Problem to solve
Copy each line below that contains "lemma".

= Beginning of Section =

lemma relative_oscillation_near_compact:
  fixes G :: "'a::heine_borel \<Rightarrow> 'b::real_normed_vector"
  assumes "compact S" "continuous_on UNIV G" "\<forall>p\<in>S. G p \<noteq> 0" "1 < c"
  obtains \<sigma> where "\<sigma> > 0" and "\<And>p x. p \<in> S \<Longrightarrow> dist x p < \<sigma> \<Longrightarrow> G x \<noteq> 0"
    and "\<And>p x y. p \<in> S \<Longrightarrow> dist x p < \<sigma> \<Longrightarrow> y \<in> cball x (c * dist x p) \<Longrightarrow>
           (1 + c) * norm (G y - G x) \<le> (c - 1) * norm (G x)"
proof -
  obtain m where m: "m > 0" "\<And>p. p \<in> S \<Longrightarrow> m \<le> norm (G p)"
    using compact_norm_bounded_below[OF assms(1) continuous_on_subset[OF assms(2)] assms(3)] by blast
  define \<eta> where "\<eta> = (c - 1) * m / (4 * (c + 1))"
  have \<eta>: "\<eta> > 0" "\<eta> < m / 2"
    using m(1) assms(4) by (simp_all add: \<eta>_def field_simps add_pos_pos)
  obtain \<delta> where \<delta>: "\<delta> > 0" "\<And>p y. p \<in> S \<Longrightarrow> dist y p < \<delta> \<Longrightarrow> norm (G y - G p) < \<eta>"
    using uniformly_continuous_near_compact[OF assms(1,2) \<eta>(1)] by (metis dist_norm)
  define \<sigma> where "\<sigma> = \<delta> / (c + 1)"
  have close: "norm (G y - G p) < \<eta>" if "p \<in> S" "dist x p < \<sigma>" "y \<in> cball x (c * dist x p)" for p x y
  proof -
    have "dist y p \<le> dist y x + dist x p" by (rule dist_triangle)
    also have "\<dots> \<le> (c + 1) * dist x p" using that(3) by (simp add: dist_commute algebra_simps)
    also have "\<dots> < \<delta>" using that(2) assms(4) by (simp add: \<sigma>_def field_simps)
    finally show ?thesis using \<delta>(2) that(1) by blast
  qed
  have centre: "x \<in> cball x (c * dist x p)" for x p :: 'a
    using assms(4) by simp
  have large: "m / 2 < norm (G x)" if "p \<in> S" "dist x p < \<sigma>" for p x
    using close[OF that centre] m(2)[OF that(1)] \<eta>(2) norm_triangle_ineq2[of "G p" "G x"]
    by (simp add: norm_minus_commute)
  show ?thesis
  proof (rule that)
    show "\<sigma> > 0" using \<delta>(1) assms(4) by (simp add: \<sigma>_def)
    show "G x \<noteq> 0" if "p \<in> S" "dist x p < \<sigma>" for p x
      using large[OF that] m(1) by auto
    fix p x y assume p: "p \<in> S" "dist x p < \<sigma>" and y: "y \<in> cball x (c * dist x p)"
    have "norm (G y - G x) \<le> norm (G y - G p) + norm (G x - G p)"
      using norm_triangle_ineq4[of "G y - G p" "G x - G p"] by simp
    also have "\<dots> \<le> 2 * \<eta>" using close[OF p y] close[OF p centre] by simp
    finally have "(1 + c) * norm (G y - G x) \<le> (1 + c) * (2 * \<eta>)"
      using assms(4) by (intro mult_left_mono) auto
    also have "\<dots> = (c - 1) * (m / 2)" using assms(4) by (simp add: \<eta>_def field_simps)
    also have "\<dots> \<le> (c - 1) * norm (G x)" using large[OF p] assms(4) by (intro mult_left_mono) auto
    finally show "(1 + c) * norm (G y - G x) \<le> (c - 1) * norm (G x)" .
  qed
qed

lemma sgn_mult_nonpos_along_gradient_ray:
  fixes f :: "'a::euclidean_space \<Rightarrow> real"
  assumes f': "\<And>y. (f has_derivative (\<lambda>v. G y \<bullet> v)) (at y)"
    and osc: "\<And>y. y \<in> cball x (c * d) \<Longrightarrow> (1 + c) * norm (G y - G x) \<le> (c - 1) * norm (G x)"
    and p: "f p = 0" "dist x p \<le> d" and c: "1 \<le> c" and Gx: "G x \<noteq> 0"
  shows "sgn (f x) * f (x - (c * d * sgn (f x)) *\<^sub>R ((1 / norm (G x)) *\<^sub>R G x)) \<le> 0"
proof (cases "f x = 0")
  case False
  define s where "s = sgn (f x)"
  define w where "w = s *\<^sub>R ((1 / norm (G x)) *\<^sub>R G x)"
  define \<epsilon> where "\<epsilon> = (c - 1) * norm (G x) / (1 + c)"
  have s: "s * s = 1" "s * f x = \<bar>f x\<bar>"
    using False by (auto simp: s_def sgn_if)
  have w: "norm w = 1" "G x \<bullet> w = s * norm (G x)"
    using Gx s(1) by (auto simp: w_def abs_sgn_eq s_def dot_square_norm power2_eq_square)
  have d: "0 \<le> d" using p(2) zero_le_dist order_trans by blast
  have osc': "norm (G y - G x) \<le> \<epsilon>" if "y \<in> cball x (c * d)" for y
    using osc[OF that] c by (simp add: \<epsilon>_def field_simps)
  have x_in: "x \<in> cball x (c * d)" and p_in: "p \<in> cball x (c * d)"
    using c d p(2) mult_right_mono[of 1 c d] by auto
  have ray_in: "x - (c * d) *\<^sub>R w \<in> cball x (c * d)"
    using w(1) c d by (simp add: dist_norm)
  have "\<bar>f (x - (c * d) *\<^sub>R w) - f x + c * d * (s * norm (G x))\<bar> \<le> c * d * \<epsilon>"
    using linearization_error_cball[OF f' osc' x_in ray_in] w c d by (simp add: inner_minus_right)
  then have ray: "s * f (x - (c * d) *\<^sub>R w) \<le> \<bar>f x\<bar> - c * d * norm (G x) + c * d * \<epsilon>"
    using s by (cases "s = 1") (auto simp: s_def sgn_if abs_le_iff algebra_simps split: if_splits)
  have "\<bar>f x - G x \<bullet> (x - p)\<bar> \<le> norm (x - p) * \<epsilon>"
    using linearization_error_cball[OF f' osc' p_in x_in] p(1) by simp
  moreover have "\<bar>G x \<bullet> (x - p)\<bar> \<le> norm (G x) * norm (x - p)" by (rule Cauchy_Schwarz_ineq2)
  ultimately have "\<bar>f x\<bar> \<le> norm (x - p) * (\<epsilon> + norm (G x))" by (simp add: algebra_simps)
  also have "\<dots> \<le> d * (\<epsilon> + norm (G x))"
    using p(2) c by (intro mult_right_mono) (auto simp: dist_norm \<epsilon>_def)
  finally have "s * f (x - (c * d) *\<^sub>R w) \<le> d * ((1 + c) * \<epsilon> - (c - 1) * norm (G x))"
    using ray by (simp add: algebra_simps)
  also have "\<dots> = 0" using c by (simp add: \<epsilon>_def)
  finally show ?thesis by (simp add: s_def w_def)
qed simp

= End of Section =

Written answer
lemma relative_oscillation_near_compact:
lemma sgn_mult_nonpos_along_gradient_ray:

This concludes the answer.